Governance follows practices adopted by peer groups in the ACL ecosystem, with elected officers drawn from universities and labs such as Stanford University, Johns Hopkins University, University of Edinburgh, University of Maryland, Microsoft Research, and Google Research. Membership comprises academics, industry researchers, and curators affiliated with LDC, ELRA, NIST, Max Planck Institute for Informatics, Facebook AI Research, and consortia like CLARIN and META-NET. The SIG coordinates with committees and working groups modeled after governance at Association for Computational Linguistics, IEEE, and ACM.

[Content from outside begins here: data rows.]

(* Let $n,p$ be positive integers, $X\in\mathbb{R}^{n\times p}$, $\mathbf y\in\mathbb{R}^n$, $\delta>0$ and $\lambda>0$. Then \[ \nabla f_\lambda(\mathbf t)=\boldsymbol\zeta_{\mathbf t}+\lambda\mathbf 1,\qquad \mathbf t\in(0,1)^p, \] and, for every $\mathbf w\in\mathbb{R}^p$, with $\mathbf t=\mathbf t(\mathbf w)$, \[ \nabla g_\lambda(\mathbf w)=(\boldsymbol\zeta_{\mathbf t}+\lambda\mathbf 1)\odot\big(2\mathbf w\odot\exp(-\mathbf w\odot\mathbf w)\big), \] where \[ \boldsymbol\zeta_{\mathbf t}=2\big(\widetilde{\boldsymbol\beta}_{\mathbf t}\odot(\mathbf a_{\mathbf t}-\mathbf d_{\mathbf t})\big)-2(\mathbf b_{\mathbf t}\odot\mathbf c_{\mathbf t}), \] with \begin{align*} \mathbf a_{\mathbf t}&=\left(\tfrac{X^\top X}{n}\right)(\mathbf t\odot\widetilde{\boldsymbol\beta}_{\mathbf t})-\tfrac{X^\top\mathbf y}{n},\qquad \mathbf b_{\mathbf t}=\mathbf a_{\mathbf t}-\tfrac{\delta}{n}(\mathbf t\odot\widetilde{\boldsymbol\beta}_{\mathbf t}),\\ \mathbf c_{\mathbf t}&=L_{\mathbf t}^{-1}(\mathbf t\odot\mathbf a_{\mathbf t}),\qquad \mathbf d_{\mathbf t}=\left(\tfrac{X^\top X}{n}-\tfrac{\delta}{n}I\right)(\mathbf t\odot\mathbf c_{\mathbf t}). \end{align*}
   Context: For $\mathbf t\in[0,1]^p$, $T_{\mathbf t}=\mathrm{Diag}(t_1,\dots,t_p)$, $X_{\mathbf t}=XT_{\mathbf t}$, $L_{\mathbf t}=\frac1n[X_{\mathbf t}^\top X_{\mathbf t}+\delta(I-T_{\mathbf t}^2)]$ with $I$ the $p\times p$ identity, $\widetilde{\boldsymbol\beta}_{\mathbf t}:=L_{\mathbf t}^{+}\left(X_{\mathbf t}^\top\mathbf y/n\right)$ with $L_{\mathbf t}^+$ the Moore–Penrose pseudo-inverse, $f_\lambda(\mathbf t)=\frac1n\|\mathbf y-X_{\mathbf t}\widetilde{\boldsymbol\beta}_{\mathbf t}\|_2^2+\lambda\sum_{j=1}^p t_j$, $\mathbf t(\mathbf w)$ is defined by $t_j(w_j)=1-\exp(-w_j^2)$, and $g_\lambda(\mathbf w)=f_\lambda(\mathbf t(\mathbf w))$. Here $\odot$ is the element-wise product, $\exp$ is applied element-wise, and $\mathbf 1$ is the all-ones vector in $\mathbb{R}^p$. *)

theory Defs
  imports "HOL-Analysis.Analysis"
begin

text \<open>Vectors in R^p are real^'p, the data matrix X in R^(n x p) is real^'p^'n,
  so n = CARD('n) and p = CARD('p).\<close>

definition had :: "real^'p \<Rightarrow> real^'p \<Rightarrow> real^'p" where
  "had x z = (\<chi> i. x$i * z$i)"

definition pinv :: "real^'p^'p \<Rightarrow> real^'p^'p" where
  "pinv A = (THE B. A ** B ** A = A \<and> B ** A ** B = B \<and>
                    transpose (A ** B) = A ** B \<and> transpose (B ** A) = B ** A)"

definition Tm :: "real^'p \<Rightarrow> real^'p^'p" where
  "Tm t = (\<chi> i j. if i = j then t$i else 0)"

definition Xt :: "real^'p^'n \<Rightarrow> real^'p \<Rightarrow> real^'p^'n" where
  "Xt X t = X ** Tm t"

definition Lt :: "real^'p^'n \<Rightarrow> real \<Rightarrow> real^'p \<Rightarrow> real^'p^'p" where
  "Lt X \<delta> t = (1 / real CARD('n)) *\<^sub>R
     (transpose (Xt X t) ** Xt X t + \<delta> *\<^sub>R (mat 1 - Tm t ** Tm t))"

definition betat :: "real^'p^'n \<Rightarrow> real^'n \<Rightarrow> real \<Rightarrow> real^'p \<Rightarrow> real^'p" where
  "betat X y \<delta> t = pinv (Lt X \<delta> t) *v ((1 / real CARD('n)) *\<^sub>R (transpose (Xt X t) *v y))"

definition flam :: "real^'p^'n \<Rightarrow> real^'n \<Rightarrow> real \<Rightarrow> real \<Rightarrow> real^'p \<Rightarrow> real" where
  "flam X y \<delta> lam t = (1 / real CARD('n)) * (norm (y - Xt X t *v betat X y \<delta> t))\<^sup>2
     + lam * (\<Sum>j\<in>UNIV. t$j)"

definition tw :: "real^'p \<Rightarrow> real^'p" where
  "tw w = (\<chi> j. 1 - exp (- (w$j)\<^sup>2))"
text \<open>Adding \<open>k/2\<close> times the integral of \<open>(sin \<theta> cos \<theta> ell_integrand k \<theta>)'\<close>, which vanishes
  over \<open>[0, pi/2]\<close>, turns \<open>ellK' k - k ellK k / 2\<close> into the integral of a nonnegative function.\<close>

lemma ellK'_ge:
  assumes k0: "0 \<le> k" and k1: "k < 1"
  shows "k * ellK k / 2 \<le> ellK' k"
proof -
  have k: "\<bar>k\<bar> < 1"
    using k0 k1 by simp
  define g where "g = ell_integrand k"
  define A where "A \<theta> = k * (sin \<theta>)\<^sup>2 * g \<theta> ^ 3" for \<theta>
  define C where "C \<theta> = (cos \<theta> * cos \<theta> - sin \<theta> * sin \<theta>) * g \<theta>
      + k\<^sup>2 * sin \<theta> * cos \<theta> * g \<theta> ^ 3 * (sin \<theta> * cos \<theta>)" for \<theta>
  have "((\<lambda>\<theta>. sin \<theta> * cos \<theta> * g \<theta>) has_real_derivative C \<theta>) (at \<theta>)" for \<theta>
    unfolding C_def g_def
    using DERIV_mult[OF DERIV_mult[OF DERIV_sin DERIV_cos] has_real_derivative_ell_integrand_angle[OF k, of \<theta>]]
    by simp
  then have C_int: "(C has_integral 0) {0..pi/2}"
    using fundamental_theorem_of_calculus[of 0 "pi/2" "\<lambda>\<theta>. sin \<theta> * cos \<theta> * g \<theta>" C]
    by (simp add: has_real_derivative_iff_has_vector_derivative[symmetric] has_field_derivative_at_within)
  have A_int: "(A has_integral ellK' k) {0..pi/2}"
    unfolding ellK'_def A_def g_def
    by (intro integrable_integral integrable_continuous_interval continuous_intros continuous_on_ell_integrand[OF k])
  have g_int: "(g has_integral ellK k) {0..pi/2}"
    unfolding ellK_eq_integral g_def by (intro integrable_integral integrable_ell_integrand[OF k])
  have "((\<lambda>\<theta>. A \<theta> - (k/2) * g \<theta> + (k/2) * C \<theta>) has_integral (ellK' k - (k/2) * ellK k + (k/2) * 0)) {0..pi/2}"
    by (intro has_integral_add has_integral_diff has_integral_mult_right A_int g_int C_int)
  moreover have "0 \<le> A \<theta> - (k/2) * g \<theta> + (k/2) * C \<theta>" for \<theta>
  proof -
    have g1: "1 \<le> g \<theta>"
      unfolding g_def by (rule ell_integrand_ge_1[OF k])
    then have "g \<theta> * 1 \<le> g \<theta> * (g \<theta>)\<^sup>2"
      by (intro mult_left_mono) (auto simp: one_le_power)
    then have "g \<theta> \<le> g \<theta> ^ 3"
      by (simp add: power2_eq_square power3_eq_cube)
    moreover have "A \<theta> - (k/2) * g \<theta> + (k/2) * C \<theta>
        = k * (sin \<theta>)\<^sup>2 * (g \<theta> ^ 3 - g \<theta>) + (k ^ 3 / 2) * (sin \<theta>)\<^sup>2 * (cos \<theta>)\<^sup>2 * g \<theta> ^ 3"
      unfolding A_def C_def using sin_cos_squared_add[of \<theta>] by algebra
    ultimately show ?thesis
      using g1 k0 by simp
  qed
  ultimately have "0 \<le> ellK' k - (k/2) * ellK k + (k/2) * 0"
    by (rule has_integral_nonneg)
  then show ?thesis
    by simp
qed

lemma sqrt_one_minus_sq_bounds:
  fixes c :: real
  assumes "0 < c" "c < 1"
  shows "0 < sqrt (1 - c\<^sup>2)" "sqrt (1 - c\<^sup>2) < 1"
proof -
  have "0 < c\<^sup>2" "c\<^sup>2 < 1"
    using assms by (auto simp: power_less_one_iff)
  then show "0 < sqrt (1 - c\<^sup>2)" "sqrt (1 - c\<^sup>2) < 1"
    by simp_all
qed

lemma ell_integrand_ge_reciprocal:
  assumes c: "0 < c" "c < 1" and \<theta>: "0 \<le> \<theta>" "\<theta> \<le> pi/2"
  shows "1 / (c + (pi/2 - \<theta>)) \<le> ell_integrand (sqrt (1 - c\<^sup>2)) \<theta>"
proof -
  have "c\<^sup>2 < 1"
    using c by (simp add: power_less_one_iff)
  then have "1 - (sqrt (1 - c\<^sup>2))\<^sup>2 * (sin \<theta>)\<^sup>2 = (cos \<theta>)\<^sup>2 + c\<^sup>2 * (sin \<theta>)\<^sup>2"
    using sin_cos_squared_add[of \<theta>] by (simp add: algebra_simps)
  also have "\<dots> \<le> (cos \<theta>)\<^sup>2 + c\<^sup>2"
    by (simp add: mult_left_le abs_square_le_1)
  also have "\<dots> \<le> (cos \<theta> + c)\<^sup>2"
    using c \<theta> cos_ge_zero[of \<theta>] by (simp add: power2_eq_square algebra_simps)
  also have "\<dots> \<le> (c + (pi/2 - \<theta>))\<^sup>2"
  proof (rule power_mono)
    have "cos \<theta> = sin (pi/2 - \<theta>)"
      by (simp add: sin_cos_eq)
    also have "\<dots> \<le> pi/2 - \<theta>"
      using \<theta> by (intro sin_x_le_x) simp
    finally show "cos \<theta> + c \<le> c + (pi/2 - \<theta>)"
      by simp
    show "0 \<le> cos \<theta> + c"
      using c \<theta> cos_ge_zero[of \<theta>] by simp
  qed
  finally have "sqrt (1 - (sqrt (1 - c\<^sup>2))\<^sup>2 * (sin \<theta>)\<^sup>2) \<le> c + (pi/2 - \<theta>)"
    using c \<theta> real_sqrt_le_iff[THEN iffD2] by (metis real_sqrt_abs abs_of_nonneg add_nonneg_nonneg diff_ge_0_iff_ge less_imp_le)
  moreover have "0 < 1 - (sqrt (1 - c\<^sup>2))\<^sup>2 * (sin \<theta>)\<^sup>2"
    using sqrt_one_minus_sq_bounds[OF c] by (intro ell_radicand_pos) simp
  ultimately show ?thesis
    unfolding ell_integrand_def by (intro frac_le) auto
qed
lemma cut_cost_complement:
  assumes "W \<subseteq> verts k"
  shows "cut_cost (edges k) (cost \<epsilon>) (verts k - W) = cut_cost (edges k) (cost \<epsilon>) W"
  unfolding cut_cost_bipartite
proof (rule sum.cong[OF refl])
  fix T assume "T \<in> subsets_Q k"
  then have "{q\<in>{0..<k}. (NT T \<in> verts k - W) \<noteq> (Term q \<in> verts k - W)}
      = {q\<in>{0..<k}. (NT T \<in> W) \<noteq> (Term q \<in> W)}"
    by (auto simp: verts_def terms_def)
  then show "(\<Sum>q\<in>{q\<in>{0..<k}. (NT T \<in> verts k - W) \<noteq> (Term q \<in> verts k - W)}. edge_cost \<epsilon> T q)
      = (\<Sum>q\<in>{q\<in>{0..<k}. (NT T \<in> W) \<noteq> (Term q \<in> W)}. edge_cost \<epsilon> T q)"
    by simp
qed

lemma cut_cost_terminal_side:
  assumes "W \<inter> terms k = terms k - Term ` S" and "S \<subseteq> {0..<k}"
  shows "cut_cost (edges k) (cost \<epsilon>) W =
    (\<Sum>T\<in>subsets_Q k. if NT T \<in> W then (\<Sum>q\<in>S. edge_cost \<epsilon> T q)
                                   else (\<Sum>q\<in>{0..<k} - S. edge_cost \<epsilon> T q))"
  unfolding cut_cost_bipartite
proof (rule sum.cong[OF refl])
  fix T
  have terminal_side: "Term q \<in> W \<longleftrightarrow> q \<notin> S" if "q < k" for q
    using that assms(1) unfolding terms_def by (auto simp: set_eq_iff)
  have "{q\<in>{0..<k}. (NT T \<in> W) \<noteq> (Term q \<in> W)} = (if NT T \<in> W then S else {0..<k} - S)"
    using assms(2) terminal_side by auto
  then show "(\<Sum>q\<in>{q\<in>{0..<k}. (NT T \<in> W) \<noteq> (Term q \<in> W)}. edge_cost \<epsilon> T q) =
      (if NT T \<in> W then (\<Sum>q\<in>S. edge_cost \<epsilon> T q) else (\<Sum>q\<in>{0..<k} - S. edge_cost \<epsilon> T q))"
    by simp
qed

lemma vertex_subsets_eqI:
  assumes "W \<subseteq> verts k" and "W' \<subseteq> verts k"
    and "\<And>q. q < k \<Longrightarrow> Term q \<in> W \<longleftrightarrow> Term q \<in> W'"
    and "\<And>T. T \<in> subsets_Q k \<Longrightarrow> NT T \<in> W \<longleftrightarrow> NT T \<in> W'"
  shows "W = W'"
proof (rule set_eqI)
  fix x
  show "x \<in> W \<longleftrightarrow> x \<in> W'"
  proof (cases "x \<in> verts k")
    case True
    then show ?thesis using assms(3,4) by (auto simp: verts_def terms_def)
  next
    case False
    then show ?thesis using assms(1,2) by blast
  qed
qed

(* Each edge costs 1, plus 1 + eps if its terminal is outside T. *)
lemma sum_edge_cost:
  assumes "finite X"
  shows "(\<Sum>q\<in>X. edge_cost \<epsilon> T q) = real (card X) + (1 + \<epsilon>) * real (card (X - T))"
proof -
  have outside_T: "X \<inter> {q. q \<notin> T} = X - T" by blast
  have "(\<Sum>q\<in>X. edge_cost \<epsilon> T q) = (\<Sum>q\<in>X. 1 + (1 + \<epsilon>) * (if q \<in> X - T then 1 else 0))"
    by (rule sum.cong) (auto simp: edge_cost_def)
  also have "\<dots> = real (card X) + (1 + \<epsilon>) * real (card (X - T))"
    using assms outside_T
    by (simp add: sum.distrib sum_distrib_left[symmetric] sum.If_cases Int_absorb1)
  finally show ?thesis .
qed

lemma subsets_Q_props:
  assumes "S \<in> subsets_Q k" and "k = 3 * m"
  shows "S \<subseteq> {0..<k}" "finite S" "card S = 2 * m" "card ({0..<k} - S) = m"
  using assms by (auto simp: subsets_Q_def card_Diff_subset finite_subset)

(* Of the m terminals outside S, exactly m - |S - T| lie outside T as well, because
   |T - S| = |S - T| for sets of equal size. *)
lemma card_outside_both:
  assumes "S \<in> subsets_Q k" "T \<in> subsets_Q k" and "k = 3 * m"
  shows "card ({0..<k} - S - T) + card (S - T) = m"
proof -
  note S = subsets_Q_props[OF assms(1,3)] and T = subsets_Q_props[OF assms(2,3)]
  have "card (T - S) = card (S - T)"
    using S(2,3) T(2,3) by (metis card_Diff_subset_Int finite_Int inf_commute inf_le1)
  then have "card (S \<union> T) = 2 * m + card (S - T)"
    using S(2,3) T(2) by (metis Un_Diff_cancel card_Un_disjoint finite_Diff Diff_disjoint)
  moreover have "{0..<k} - S - T = {0..<k} - (S \<union> T)" by blast
  moreover have sub: "S \<union> T \<subseteq> {0..<k}" using S(1) T(1) by blast
  then have "card ({0..<k} - (S \<union> T)) = k - card (S \<union> T)"
    using card_Diff_subset[OF finite_subset[OF sub] sub] by simp
  moreover have "card (S \<union> T) \<le> k"
    using card_mono[OF finite_atLeastLessThan sub] by simp
  ultimately show ?thesis
    using assms(3) by simp
qed

lemma own_side_cheaper:
  assumes "S \<in> subsets_Q k" and "k = 3 * m" and "m \<ge> 1" and "0 < \<epsilon>"
  shows "(\<Sum>q\<in>S. edge_cost \<epsilon> S q) < (\<Sum>q\<in>{0..<k} - S. edge_cost \<epsilon> S q)"
proof -
  note S = subsets_Q_props[OF assms(1,2)]
  have "(\<Sum>q\<in>S. edge_cost \<epsilon> S q) = 2 * real m"
    using sum_edge_cost[OF S(2)] S(3) by simp
  moreover have "(\<Sum>q\<in>{0..<k} - S. edge_cost \<epsilon> S q) = (2 + \<epsilon>) * real m"
    using sum_edge_cost[of "{0..<k} - S" \<epsilon> S] S(4) by (simp add: algebra_simps)
  moreover have "0 < \<epsilon> * real m" using assms(3,4) by simp
  ultimately show ?thesis by (simp add: algebra_simps)
qed

lemma other_side_cheaper:
  assumes "S \<in> subsets_Q k" "T \<in> subsets_Q k" "T \<noteq> S" and "k = 3 * m"
    and "0 < \<epsilon>" and "real m * \<epsilon> < 1"
  shows "(\<Sum>q\<in>{0..<k} - S. edge_cost \<epsilon> T q) < (\<Sum>q\<in>S. edge_cost \<epsilon> T q)"
proof -
  note S = subsets_Q_props[OF assms(1,4)] and T = subsets_Q_props[OF assms(2,4)]
  define b where "b = card (S - T)"
  have "S - T \<noteq> {}"
    using assms(3) S(2,3) T(2,3) card_subset_eq[of T S] by auto
  then have b_pos: "1 \<le> real b" unfolding b_def using S(2) by (simp add: Suc_leI card_gt_0_iff)
  have outside: "real (card ({0..<k} - S - T)) = real m - real b"
    using card_outside_both[OF assms(1,2,4)] unfolding b_def by linarith
  have to_S: "(\<Sum>q\<in>S. edge_cost \<epsilon> T q) = 2 * real m + (1 + \<epsilon>) * real b"
    using sum_edge_cost[OF S(2)] S(3) unfolding b_def by simp
  have to_rest: "(\<Sum>q\<in>{0..<k} - S. edge_cost \<epsilon> T q) = real m + (1 + \<epsilon>) * (real m - real b)"
    using sum_edge_cost[of "{0..<k} - S" \<epsilon> T] S(4) outside by simp
  have "0 \<le> \<epsilon> * real b" using assms(5) by simp
  then show ?thesis
    unfolding to_S to_rest using b_pos assms(6) by (simp add: algebra_simps)
qed
lemma heisenberg_normal_form_inj:
  assumes e: "e \<in> K" "e \<noteq> \<one>"
  shows "inj_on (\<lambda>(a, b, c). x1 [^] nat b \<otimes> x2 [^] nat a \<otimes> e [^] nat c)
    ({0..<int p} \<times> {0..<int p} \<times> {0..<int p})"
proof (rule inj_onI)
  fix U V
  assume U: "U \<in> {0..<int p} \<times> {0..<int p} \<times> {0..<int p}"
    and V: "V \<in> {0..<int p} \<times> {0..<int p} \<times> {0..<int p}"
    and eqUV: "(\<lambda>(a, b, c). x1 [^] nat b \<otimes> x2 [^] nat a \<otimes> e [^] nat c) U
      = (\<lambda>(a, b, c). x1 [^] nat b \<otimes> x2 [^] nat a \<otimes> e [^] nat c) V"
  obtain a b c a' b' c' where UV: "U = (a, b, c)" "V = (a', b', c')" by (cases U, cases V) auto
  have range: "a \<in> {0..<int p}" "b \<in> {0..<int p}" "c \<in> {0..<int p}"
    "a' \<in> {0..<int p}" "b' \<in> {0..<int p}" "c' \<in> {0..<int p}"
    using U V by (simp_all add: UV)
  have eq: "x1 [^] nat b \<otimes> x2 [^] nat a \<otimes> e [^] nat c = x1 [^] nat b' \<otimes> x2 [^] nat a' \<otimes> e [^] nat c'"
    using eqUV by (simp add: UV)
  have ec: "e \<in> carrier G" using e kernel_iff by blast
  have ph: "phi (x1 [^] nat b \<otimes> x2 [^] nat a \<otimes> e [^] nat c) = phi x1 [^]\<^bsub>M\<^esub> b \<otimes>\<^bsub>M\<^esub> phi x2 [^]\<^bsub>M\<^esub> a"
    if "0 \<le> a" "0 \<le> b" for a b c :: int
    using that x1 x2 ec e by (simp add: phi.hom_nat_pow phi.hom_int_pow kernel_iff int_pow_of_nonneg)
  have "phi x1 [^]\<^bsub>M\<^esub> b \<otimes>\<^bsub>M\<^esub> phi x2 [^]\<^bsub>M\<^esub> a = phi x1 [^]\<^bsub>M\<^esub> b' \<otimes>\<^bsub>M\<^esub> phi x2 [^]\<^bsub>M\<^esub> a'"
    using ph[of a b c] ph[of a' b' c'] eq range by simp
  then have "int p dvd a - a'" "int p dvd b - b'"
    using indep_mod_p_eqD[OF _ _ indep_lifts] x1 x2 by simp_all
  then have a: "a = a'" and b: "b = b'"
    using int_mod_eqI[OF range(1,4)] int_mod_eqI[OF range(2,5)] by simp_all
  then have "e [^] nat c = e [^] nat c'"
    using eq x1 x2 ec by (simp add: G.m_assoc)
  then have "e [^] (c - c') = \<one>"
    using ec range by (simp add: int_pow_of_nonneg G.int_pow_diff)
  then have "c = c'"
    using kernel_int_pow_eq_one_iff[OF e] int_mod_eqI[OF range(3,6)] by simp
  then show "U = V" using a b by (simp add: UV)
qed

The SIG organizes special sessions and workshops co-located with major events such as ACL (conference), EMNLP, COLING, LREC, NAACL, ICASSP, and NeurIPS tutorials. It runs recurring tutorials taught by experts from Stanford University, MIT, Princeton University, Johns Hopkins University, and University of Cambridge and sponsors shared tasks akin to CoNLL Shared Task and SemEval tracks. Workshops have featured keynote speakers from Google Research, Microsoft Research, Facebook AI Research, IBM Research, and DeepMind.

The SIG's work influenced annotation practices in major corpora and toolchains adopted across projects at Stanford CoreNLP, spaCy, NLTK, AllenNLP, Hugging Face, TensorFlow, and PyTorch-based pipelines. Its standards improved interoperability for initiatives at European Commission research programs, archival projects at Library of Congress, and multilingual efforts such as Common Voice and Wikidata. Alumni and contributors have held positions at Google, Facebook, Amazon, Apple, Microsoft, and universities including Harvard University, University of Oxford, University of Cambridge, and Stanford University, propagating best practices in annotation across industry and academia.